I had this dream Monday night that I had some kind of weird, parasitic, fungal growth under my fingernails. These little black dots, like tiny seedlings, were growing in a sort of paisley pattern that sort of reminded me of some sort of henna tattoo. But it was UNDER the nail, and was fucking FREAKING ME OUT. Any kind of fungal growth like that really bothers me. A friend of mine once told me she had some kind of infection or bacteria on her tonsils, and it was growing like little flowers on the back of her throat and it FREAKED ME OUT for like a YEAR. So I was going apeshit in the dream, trying to stick an x-acto knife under my nails to scrape away the stuff, and considering just going to the hospital and having them peel back my nails and then wear band-aids for weeks until they grew back. I was in a total frenzy, a shiver running through all of my skin, every pore itching every time I looked at my nails and saw these little creatures living under there.

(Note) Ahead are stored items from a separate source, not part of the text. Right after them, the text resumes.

lemma cycle_arcs:
  assumes "distinct C" and "i \<noteq> j" and "i < length C" and "j < length C"
  shows "\<exists>A1 A2. cycle_arc C A1 \<and> cycle_arc C A2 \<and> hd A1 = C ! i \<and> last A1 = C ! j
    \<and> hd A2 = C ! i \<and> last A2 = C ! j \<and> length A1 + length A2 = length C + 2
    \<and> 2 \<le> length A1 \<and> 2 \<le> length A2"
proof (cases "i < j")
  case True
  then obtain A1 A2 where "cycle_arc C A1 \<and> cycle_arc C A2 \<and> hd A1 = C ! i \<and> last A1 = C ! j
    \<and> hd A2 = C ! j \<and> last A2 = C ! i \<and> length A1 + length A2 = length C + 2
    \<and> 2 \<le> length A1 \<and> 2 \<le> length A2"
    using cycle_arcs_ordered[OF assms(1) True assms(4)] by blast
  thus ?thesis by (intro exI[of _ A1] exI[of _ "rev A2"]) (auto simp: cycle_arc_rev hd_rev last_rev)
next
  case False
  hence "j < i" using assms(2) by simp
  then obtain A1 A2 where "cycle_arc C A1 \<and> cycle_arc C A2 \<and> hd A1 = C ! j \<and> last A1 = C ! i
    \<and> hd A2 = C ! i \<and> last A2 = C ! j \<and> length A1 + length A2 = length C + 2
    \<and> 2 \<le> length A1 \<and> 2 \<le> length A2"
    using cycle_arcs_ordered[OF assms(1) _ assms(3)] by blast
  thus ?thesis by (intro exI[of _ "rev A1"] exI[of _ A2]) (auto simp: cycle_arc_rev hd_rev last_rev)
qed

lemma is_cycle_append:
  assumes "is_path E U P" and "U \<inter> set C = {}" and "U \<subseteq> V" and "set C \<subseteq> V"
    and "is_path E (set C) A" and "2 \<le> length A"
    and "E (last P) (hd A)" and "E (last A) (hd P)"
  shows "is_cycle V E (P @ A)"
proof -
  have "P \<noteq> []" "A \<noteq> []" using assms(1,5) unfolding is_path_def by auto
  hence "3 \<le> length P + length A" using assms(6) by (cases P) auto
  thus ?thesis using assms
    unfolding is_cycle_def is_path_iff_successively successively_append_iff by auto
qed

text \<open>P @ A differs from C but shares with it the first two edges of A.\<close>

lemma in_Gstar_no_odd_cycle_along_arc:
  assumes "in_Gstar V E" and "odd_cycle V E C" and "cycle_arc C A" and "3 \<le> length A"
    and "P \<noteq> []" and "set P \<inter> set C = {}"
  shows "\<not> odd_cycle V E (P @ A)"
proof
  assume odd_PA: "odd_cycle V E (P @ A)"
  let ?e1 = "{A ! 0, A ! 1}" and ?e2 = "{A ! 1, A ! 2}"
  have dA: "distinct A" and sA: "successively (\<lambda>u w. {u, w} \<in> cyc_edges C) A"
    using assms(3) unfolding cycle_arc_def by auto
  have "?e1 \<in> cyc_edges C" "?e2 \<in> cyc_edges C"
    using successively_nth[OF sA, of 0] successively_nth[OF sA, of 1] assms(4)
    by (simp_all add: numeral_2_eq_2)
  moreover have "?e1 \<in> cyc_edges (P @ A)" "?e2 \<in> cyc_edges (P @ A)"
    using cyc_edges_Suc[of "length P" "P @ A"] cyc_edges_Suc[of "length P + 1" "P @ A"] assms(4)
    by (simp_all add: nth_append numeral_2_eq_2)
  ultimately have common: "{?e1, ?e2} \<subseteq> cyc_edges (P @ A) \<inter> cyc_edges C" by auto
  have "0 < length A" "1 < length A" "2 < length A" using assms(4) by auto
  hence "A ! 0 \<noteq> A ! 1" "A ! 0 \<noteq> A ! 2"
    by (simp_all only: nth_eq_iff_index_eq[OF dA])
  hence "card {?e1, ?e2} = 2" by (simp add: doubleton_eq_iff)
  moreover have "card {?e1, ?e2} \<le> card (cyc_edges (P @ A) \<inter> cyc_edges C)"
    using card_mono[OF finite_Int[OF disjI1[OF finite_cyc_edges]] common] .
  ultimately have "2 \<le> card (cyc_edges (P @ A) \<inter> cyc_edges C)" by simp
  moreover have "cyc_edges (P @ A) \<noteq> cyc_edges C"
  proof
    assume "cyc_edges (P @ A) = cyc_edges C"
    hence "{last (P @ A), hd (P @ A)} \<subseteq> set C"
      using cyc_edges_last_hd[of "P @ A"] cyc_edges_subset[of _ C] assms(5) by auto
    thus False using assms(5,6) by (cases P) auto
  qed
  hence "card (cyc_edges (P @ A) \<inter> cyc_edges C) \<le> 1"
    using assms(1,2) odd_PA unfolding in_Gstar_def by blast
  ultimately show False by simp
qed

lemma ear_length_odd:
  assumes sg: "sgraph V E" and gstar: "in_Gstar V E" and odd_C: "odd_cycle V E C"
    and x: "x1 \<in> set C" "x2 \<in> set C" "x1 \<noteq> x2"
    and H: "H \<inter> set C = {}" "H \<subseteq> V"
    and P: "is_path E H P" "E x1 (hd P)" "E x2 (last P)"
  shows "odd (length P)"
proof (rule ccontr)
  assume even_P: "\<not> odd (length P)"
  have cyc: "is_cycle V E C" using odd_C unfolding odd_cycle_def by simp
  hence dC: "distinct C" and CV: "set C \<subseteq> V" unfolding is_cycle_def is_path_def by auto
  obtain i j where ij: "i < length C" "C ! i = x2" "j < length C" "C ! j = x1"
    using x(1,2) by (meson in_set_conv_nth)
  then obtain A1 A2 where A: "cycle_arc C A1" "cycle_arc C A2" "hd A1 = x2" "last A1 = x1"
    "hd A2 = x2" "last A2 = x1" "length A1 + length A2 = length C + 2"
    "2 \<le> length A1" "2 \<le> length A2"
    using cycle_arcs[OF dC, of i j] x(3) by metis
  have "P \<noteq> []" and P_C: "set P \<inter> set C = {}" using P(1) H(1) unfolding is_path_def by auto
  have short_arc: "length A = 2"
    if "cycle_arc C A" "hd A = x2" "last A = x1" "2 \<le> length A" "odd (length P + length A)" for A
  proof (rule ccontr)
    assume "length A \<noteq> 2"
    have "A \<noteq> []" using that(4) by auto
    hence "is_path E (set C) A" using cycle_arc_is_path[OF sg cyc that(1)] by simp
    hence "odd_cycle V E (P @ A)"
      using is_cycle_append[OF P(1) H CV] that P sgraph_sym[OF sg] unfolding odd_cycle_def by auto
    thus False using in_Gstar_no_odd_cycle_along_arc[OF gstar odd_C that(1) _ \<open>P \<noteq> []\<close> P_C]
      \<open>length A \<noteq> 2\<close> that(4) by simp
  qed
  have "odd (length C)" using odd_C unfolding odd_cycle_def by simp
  hence "odd (length P + length A1) \<or> odd (length P + length A2)" using A(7) even_P by presburger
  thus False using short_arc A even_P by fastforce
qed

lemma ear_odd_cycle:
  assumes sg: "sgraph V E" and gstar: "in_Gstar V E" and odd_C: "odd_cycle V E C"
    and x: "x1 \<in> set C" "x2 \<in> set C" "E x1 x2"
    and H: "H \<inter> set C = {}" "H \<subseteq> V"
    and P: "is_path E H P" "E x1 (hd P)" "E x2 (last P)"
  shows "odd_cycle V E (P @ [x2, x1])"
proof -
  have CV: "set C \<subseteq> V" using odd_C unfolding odd_cycle_def is_cycle_def is_path_def by auto
  have "x1 \<noteq> x2" using x(3) sg unfolding sgraph_def by blast
  hence "is_path E (set C) [x2, x1]"
    using x sgraph_sym[OF sg x(3)] unfolding is_path_def by (auto simp: less_Suc_eq)
  hence "is_cycle V E (P @ [x2, x1])"
    using is_cycle_append[OF P(1) H CV] P sgraph_sym[OF sg] by auto
  thus ?thesis using ear_length_odd[OF sg gstar odd_C x(1,2) \<open>x1 \<noteq> x2\<close> H P]
    unfolding odd_cycle_def by simp
qed

text \<open>Walking along the common edge set: the successor of P ! k on the cycle Q @ [x2, x1] is
  neither x1 nor x2 (they lie outside H) nor Q ! (k - 1) = P ! (k - 1), so it is Q ! Suc k.\<close>

lemma cyc_edges_eq_common_prefix:
  assumes dQ: "distinct (Q @ [x2, x1])"
    and edges: "cyc_edges (P @ [x2, x1]) = cyc_edges (Q @ [x2, x1])"
    and P: "is_path E H P" and Q: "is_path E H Q" and hd: "hd P = hd Q"
    and xH: "x1 \<notin> H" "x2 \<notin> H"
  shows "k < length P \<Longrightarrow> \<forall>k'\<le>k. k' < length Q \<and> P ! k' = Q ! k'"
proof (induction k)
  case 0
  have "P \<noteq> []" "Q \<noteq> []" using P Q unfolding is_path_def by auto
  thus ?case using hd by (simp add: hd_conv_nth)
next
  case (Suc k)
  hence IH: "\<forall>k'\<le>k. k' < length Q \<and> P ! k' = Q ! k'" by simp
  have dP: "distinct P" and yH: "P ! Suc k \<in> H" using P Suc.prems unfolding is_path_def by auto
  let ?DQ = "Q @ [x2, x1]"
  have kQ: "k < length Q" and Pk: "P ! k = Q ! k" using IH by auto
  have "{P ! k, P ! Suc k} \<in> cyc_edges ?DQ"
    using cyc_edges_Suc[of k "P @ [x2, x1]"] Suc.prems edges by (simp add: nth_append)
  hence "{?DQ ! k, P ! Suc k} \<in> cyc_edges ?DQ" using kQ Pk by (simp add: nth_append)
  from cyc_edges_neighbour[OF dQ _ _ this] kQ
  consider "P ! Suc k = ?DQ ! Suc k" | "0 < k" "P ! Suc k = ?DQ ! (k - 1)"
    | "k = 0" "P ! Suc k = x1"
    by (auto simp: nth_append)
  hence "Suc k < length Q \<and> P ! Suc k = Q ! Suc k"
  proof cases
    case 1
    thus ?thesis using yH xH kQ by (cases "Suc k < length Q") (auto simp: nth_append)
  next
    case 2
    have "k - 1 < length Q" "P ! (k - 1) = Q ! (k - 1)" using IH by auto
    hence "P ! Suc k = P ! (k - 1)" using 2 by (simp add: nth_append)
    moreover have "k - 1 < length P" "Suc k \<noteq> k - 1" using Suc.prems by auto
    ultimately show ?thesis using nth_eq_iff_index_eq[OF dP] Suc.prems by blast
  next
    case 3
    thus ?thesis using yH xH by simp
  qed
  thus ?case using IH le_Suc_eq by auto
qed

I woke up, and looked at my clock, and it was about an hour until the alarms went off, so I turned on my desk light, and looked at my fingers, and THE FUCKING STUFF WAS UNDER MY NAILS!!

Then I really woke up. Holy shit, I hate dreams like that.

The Boston trip is planned and ready to roll, although I am no longer taking the last-minute special through Delta because they wanted to screw me into paying double for a hotel because I was traveling alone. So now I have another hotel booked, and I am taking the bus there, which only costs like $20 but involves four hours of sitting in a bus. I’ll bring a book, a gameboy, and the iPod.

What am I doing there, someone asked? John Sheppard is reading on August 1st. You can read more about the reading here. I am tempted to sign up for the open mic before the reading and rattle off a few pages of Rumored, but I don’t know if I will or not. Maybe, though. I will also be meeting up with a couple of other friends from IU, and I also want to check out the USS Constitution and USS Cassin Young, which are both a stone’s throw from my hotel. And I want to enjoy being out of New York for a long weekend.

Not much else to report, just playing Tribes: Aerial Assault constantly, and trying not to think about bugs under my fingernails.